Sanjay Radia added a comment - 30/Jun/09 04:25 PM
Should we consider excluding trash for files deleted from /tmp (ie make -skipTrash implicit when deleting from /tmp.)?

Jakob Homan added a comment - 30/Jun/09 04:54 PM

Should we consider excluding trash for files deleted from /tmp (ie make -skipTrash implicit when deleting from /tmp.)?

I'm not a fan of special cases for certain directories, even for /tmp, and particularly when we're already straying away from the posix world with the trash feature. Minimizing surprise seems a good goal, and I'd be very surprised if I were accustomed to explicitly skipping the trash when I want and discovering something I had expected to be trashed had been helpfully nuked by the system.

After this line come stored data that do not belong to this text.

theorem lemma3p3:
  fixes m n r l s :: nat and A :: "nat \<Rightarrow> real mat" and b :: "nat \<Rightarrow> real"
    and X U Sig V :: "real mat"
  assumes "n \<le> m" and "r < n"
    and "\<forall>i<l. A i \<in> carrier_mat m n"
    and "is_svd m n X U Sig V s"
    and "X \<in> affL m n l A b"
    and "s \<le> r"
    and "assumption2 l A U V s"
  shows "bouligand m n (affL m n l A b \<inter> MXr m n r s U V) X
         = tanL m n l A \<inter> bouligand m n (MXr m n r s U V) X"
proof -
  note A = assms(3) and svd = assms(4) and XL = assms(5)
  have U: "U \<in> carrier_mat m m" "transpose_mat U * U = 1\<^sub>m m"
    and V: "V \<in> carrier_mat n n" "transpose_mat V * V = 1\<^sub>m n"
    using svd unfolding is_svd_def by auto
  have X: "X \<in> carrier_mat m n" using XL unfolding affL_def by blast
  have XJ: "X \<in> MXJ m U V J" if "J \<in> idxJ n r s" for J by (rule svd_mem_MXJ[OF svd assms(1) that])
  have tangent_MXJ: "bouligand m n (MXJ m U V J) X \<subseteq> MXJ m U V J" if J: "J \<in> idxJ n r s" for J
    by (rule bouligand_subset_closed_cone[OF X MXJ_subset_carrier[OF U(1) V(1)]
          MXJ_smult_diff[OF U(1) V(1) XJ[OF J]] MXJ_closed[OF U V idxJ_D[OF J]]])
  have tangent_affL: "bouligand m n (affL m n l A b) X \<subseteq> tanL m n l A"
    using affL_smult_diff_in_tanL[OF A XL] tanL_closed[OF A]
    by (intro bouligand_subset_closed_cone[OF X]) (auto simp: affL_def)
  show ?thesis
  proof
    show "bouligand m n (affL m n l A b \<inter> MXr m n r s U V) X
        \<subseteq> tanL m n l A \<inter> bouligand m n (MXr m n r s U V) X"
      using tangent_affL bouligand_mono[of "affL m n l A b \<inter> MXr m n r s U V"] by blast
    show "tanL m n l A \<inter> bouligand m n (MXr m n r s U V) X
        \<subseteq> bouligand m n (affL m n l A b \<inter> MXr m n r s U V) X"
    proof
      fix Xi assume Xi: "Xi \<in> tanL m n l A \<inter> bouligand m n (MXr m n r s U V) X"
      then obtain J where J: "J \<in> idxJ n r s" and "Xi \<in> bouligand m n (MXJ m U V J) X"
        using bouligand_UN_finite[OF finite_idxJ] unfolding MXr_def by blast
      then have "Xi \<in> MXJ m U V J" using tangent_MXJ by blast
      then have "X + c \<cdot>\<^sub>m Xi \<in> affL m n l A b \<inter> MXr m n r s U V" for c
        using affL_add_smult_tanL[OF A XL] MXJ_add_smult[OF U(1) V(1) XJ[OF J]] J Xi
        unfolding MXr_def by blast
      then show "Xi \<in> bouligand m n (affL m n l A b \<inter> MXr m n r s U V) X"
        using ray_in_bouligand[OF X] Xi unfolding tanL_def by blast
    qed
  qed
qed

end
(* Let $U,V$ be finite sets of positive integers with $k_1$ and $k_2$ elements respectively, $k=k_1+k_2$, and let $N,\beta$ be real numbers. For each $u\in U$ let $R_u$ be a nonzero polynomial of degree $u$ with leading coefficient $r_u$, and for each $v\in V$ let $R_v'$ be a nonzero polynomial of degree $v$ with leading coefficient $r'_v$ (the polynomials attached to $U$ and to $V$ are different polynomials even if $U\cap V\neq\emptyset$). Define $$P(x)=\frac{\det M(x)}{\prod_{i=1}^{k_2}s^{N-k+1}_{k_2-i+1}(x)\,s^{N+\beta-i+2}_{i-1}(x)},$$ where $M(x)$ is the $k\times k$ matrix whose columns are indexed by $j=1,\dots,k$, whose first $k_1$ rows are, for $u\in U$ in increasing order, $\big(R_u(x+j-1)\big)_{j=1}^k$, and whose last $k_2$ rows are, for $v\in V$ in increasing order, $\big(s^{N-k+1}_{k-j+1}(x)\,s^{N+\beta+1}_{j-1}(x+j-1)\,R'_v(x+j-1)\big)_{j=1}^k$. If $\beta+u-v\neq 0$ for all $u\in U$, $v\in V$, then $P$ is a polynomial of degree $\sum_{u\in U}u+\sum_{v\in V}v-\binom{k_1}{2}-\binom{k_2}{2}$ with leading coefficient $$V_UV_V\prod_{u\in U}r_u\prod_{v\in V}r'_v\prod_{u\in U,v\in V}(\beta+u-v).$$
   Context: $(a)_0=1$, $(a)_j=a(a+1)\cdots(a+j-1)$ is the Pochhammer symbol, and for $u\in\mathbb C$, $s^u_j(x)=(u-x)_j$, a polynomial of degree $j$ in $x$. For a finite set $F=\{f_1<\dots<f_m\}$, $V_F=\prod_{1\le i<j\le m}(f_j-f_i)$ is its Vandermonde product (empty product $=1$). *)

theory Defs
  imports "HOL-Computational_Algebra.Polynomial" "Jordan_Normal_Form.Determinant"
begin

definition s_poch :: "real \<Rightarrow> nat \<Rightarrow> real \<Rightarrow> real" where
  "s_poch u j x = pochhammer (u - x) j"

definition vandermonde :: "nat set \<Rightarrow> real" where
  "vandermonde F = (\<Prod>(a,b) \<in> {(a,b). a \<in> F \<and> b \<in> F \<and> a < b}. real b - real a)"

text \<open>The k x k matrix M(x), 0-based indices: row i, column j corresponds to j+1 in the paper.\<close>
definition M_mat :: "nat set \<Rightarrow> nat set \<Rightarrow> real \<Rightarrow> real \<Rightarrow> (nat \<Rightarrow> real poly) \<Rightarrow> (nat \<Rightarrow> real poly)
    \<Rightarrow> real \<Rightarrow> real mat" where
  "M_mat U V N \<beta> R R' x =
    (let k1 = card U; k2 = card V; k = k1 + k2 in
     mat k k (\<lambda>(i,j).
       if i < k1 then poly (R (sorted_list_of_set U ! i)) (x + real j)
       else s_poch (N - real k + 1) (k - j) x * s_poch (N + \<beta> + 1) j (x + real j)
            * poly (R' (sorted_list_of_set V ! (i - k1))) (x + real j)))"

definition denom :: "nat \<Rightarrow> nat \<Rightarrow> real \<Rightarrow> real \<Rightarrow> real \<Rightarrow> real" where
  "denom k k2 N \<beta> x =
     (\<Prod>i = 1..k2. s_poch (N - real k + 1) (k2 - i + 1) x * s_poch (N + \<beta> - real i + 2) (i - 1) x)"

definition P_fun :: "nat set \<Rightarrow> nat set \<Rightarrow> real \<Rightarrow> real \<Rightarrow> (nat \<Rightarrow> real poly) \<Rightarrow> (nat \<Rightarrow> real poly)
    \<Rightarrow> real \<Rightarrow> real" where
  "P_fun U V N \<beta> R R' x =
     det (M_mat U V N \<beta> R R' x) / denom (card U + card V) (card V) N \<beta> x"

end

theory Submission
  imports Defs
begin

text \<open>Write the entries of \<open>M(x)\<close> as polynomials in \<open>x\<close> and multiply \<open>M\<close> on the right by
  the unipotent matrix of signed binomial coefficients, which replaces column \<open>j\<close> by the
  \<open>j\<close>-th forward difference of the columns.  In a row \<open>R_u(x + l)\<close> the \<open>j\<close>-th difference
  has degree \<open>u - j\<close> and top coefficient \<open>r_u u(u-1)\<cdots>(u-j+1)\<close>.  In a row of the second kind
  the factor \<open>s^{N-k+1}_{k-j}(x)\<close> survives the differencing, and the remaining factor satisfies a
  first-order recursion showing that it has degree \<open>v\<close> with top coefficient
  \<open>r'_v (\<beta> - v)_j\<close>.  Hence \<open>det M\<close> has degree at most the sum of these row degrees minus
  \<open>0 + 1 + \<dots> + (k-1)\<close>, and its coefficient there is a Vandermonde determinant in the
  falling-factorial basis with nodes \<open>u \<in> U\<close> and \<open>v - \<beta>, v \<in> V\<close>; it is nonzero because
  \<open>\<beta> + u - v \<noteq> 0\<close>.  Finally every Leibniz term of \<open>det M\<close> is divisible by the
  denominator, because the last \<open>k\<^sub>2\<close> rows pick \<open>k\<^sub>2\<close> distinct columns and the column factors
  form divisibility chains.\<close>

lemma poly_det_map_mat: "poly (det A) x = det (map_mat (\<lambda>p. poly p x) A)"
  unfolding det_def by (simp add: poly_sum poly_prod of_int_poly)

lemma coeff_mult_at_degree_bounds:
  fixes p q :: "'a::comm_semiring_1 poly"
  assumes p: "degree p \<le> m" and q: "degree q \<le> n"
  shows "coeff (p * q) (m + n) = coeff p m * coeff q n"
proof -
  have "coeff (p * q) (m + n) = (\<Sum>i\<le>m + n. coeff p i * coeff q (m + n - i))"
    by (rule coeff_mult)
  also have "\<dots> = (\<Sum>i\<in>{m}. coeff p i * coeff q (m + n - i))"
  proof (rule sum.mono_neutral_right)
    show "\<forall>i\<in>{..m + n} - {m}. coeff p i * coeff q (m + n - i) = 0"
    proof
      fix i assume i: "i \<in> {..m + n} - {m}"
      show "coeff p i * coeff q (m + n - i) = 0"
      proof (cases "i < m")
        case True
        then show ?thesis using q i by (simp add: coeff_eq_0)
      next
        case False
        then show ?thesis using p i by (simp add: coeff_eq_0)
      qed
    qed
  qed auto
  finally show ?thesis by simp
qed

lemma coeff_prod_at_degree_bounds:
  fixes f :: "'b \<Rightarrow> 'a::comm_semiring_1 poly"
  assumes "finite I" and "\<And>i. i \<in> I \<Longrightarrow> degree (f i) \<le> d i"
  shows "degree (prod f I) \<le> sum d I \<and> coeff (prod f I) (sum d I) = (\<Prod>i\<in>I. coeff (f i) (d i))"
  using assms
proof (induction I rule: finite_induct)
  case (insert x F)
  then have IH: "degree (prod f F) \<le> sum d F"
      "coeff (prod f F) (sum d F) = (\<Prod>i\<in>F. coeff (f i) (d i))"
    and dx: "degree (f x) \<le> d x" by auto
  have "degree (f x * prod f F) \<le> d x + sum d F"
    using degree_mult_le[of "f x" "prod f F"] IH dx by linarith
  with insert IH coeff_mult_at_degree_bounds[OF dx IH(1)] show ?case by simp
qed simp

lemma leibniz_term_top_coeff:
  fixes A :: "'a::comm_semiring_1 poly mat"
  assumes p: "p permutes {..<n}"
    and deg: "\<And>i j. i < n \<Longrightarrow> j < n \<Longrightarrow> A $$ (i,j) = 0 \<or> degree (A $$ (i,j)) + j \<le> a i"
  defines "D \<equiv> (\<Sum>i<n. a i) - (\<Sum>j<n. j)"
    and "C \<equiv> \<lambda>i j. coeff (A $$ (i,j)) (a i - j)"
  shows "degree (\<Prod>i<n. A $$ (i, p i)) \<le> D"
    and "coeff (\<Prod>i<n. A $$ (i, p i)) D = (\<Prod>i<n. C i (p i))"
    and "(\<Prod>i<n. C i (p i)) \<noteq> 0 \<Longrightarrow> (\<Sum>j<n. j) \<le> (\<Sum>i<n. a i)"
proof -
  have pin: "p i < n" if "i < n" for i
    using p that permutes_in_image by fastforce
  have "degree (\<Prod>i<n. A $$ (i, p i)) \<le> D \<and> coeff (\<Prod>i<n. A $$ (i, p i)) D = (\<Prod>i<n. C i (p i))
      \<and> ((\<Prod>i<n. C i (p i)) \<noteq> 0 \<longrightarrow> (\<Sum>j<n. j) \<le> (\<Sum>i<n. a i))"
  proof (cases "\<exists>i<n. A $$ (i, p i) = 0")
    case True
    then obtain i where "i < n" "A $$ (i, p i) = 0" by auto
    then have "(\<Prod>i<n. A $$ (i, p i)) = 0" "(\<Prod>i<n. C i (p i)) = 0"
      by (auto simp: C_def intro!: prod_zero bexI[of _ i])
    then show ?thesis by simp
  next
    case False
    then have dg: "degree (A $$ (i, p i)) + p i \<le> a i" if "i < n" for i
      using deg[OF that pin[OF that]] that by auto
    have sp: "(\<Sum>i<n. p i) = (\<Sum>j<n. j)"
      using sum.permute[OF p, of id] by (simp add: comp_def)
    have le: "(\<Sum>i<n. p i) \<le> (\<Sum>i<n. a i)"
      by (rule sum_mono) (use dg in fastforce)
    have sd: "(\<Sum>i<n. a i - p i) = D"
      unfolding D_def sp[symmetric] using dg by (subst sum_subtractf_nat) fastforce+
    have "degree (\<Prod>i<n. A $$ (i, p i)) \<le> (\<Sum>i<n. a i - p i) \<and>
        coeff (\<Prod>i<n. A $$ (i, p i)) (\<Sum>i<n. a i - p i) = (\<Prod>i<n. C i (p i))"
      unfolding C_def by (rule coeff_prod_at_degree_bounds) (use dg in fastforce)+
    then show ?thesis using sd le sp by auto
  qed
  then show "degree (\<Prod>i<n. A $$ (i, p i)) \<le> D"
    and "coeff (\<Prod>i<n. A $$ (i, p i)) D = (\<Prod>i<n. C i (p i))"
    and "(\<Prod>i<n. C i (p i)) \<noteq> 0 \<Longrightarrow> (\<Sum>j<n. j) \<le> (\<Sum>i<n. a i)"
    by auto
qed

Tsz Wo (Nicholas), SZE added a comment - 30/Jun/09 06:35 PM
> [exec] -1 javac. The applied patch generated 64 javac compiler warnings (more than the trunk's current 124 warnings).

The patch does not seem to have so many warnings. Filed HADOOP-6122.


Konstantin Shvachko added a comment - 30/Jun/09 07:02 PM
I just committed this. Thank you Jakob.

Jakob Homan added a comment - 30/Jun/09 07:40 PM
added release note.

Hudson added a comment - 01/Jul/09 11:10 AM
Integrated in Hadoop-Common-trunk #13 (See http://hudson.zones.apache.org/hudson/job/Hadoop-Common-trunk/13/)
is going to 0.20.
. Introduce -skipTrash option to rm and rmr. Contributed by Jakob Homan.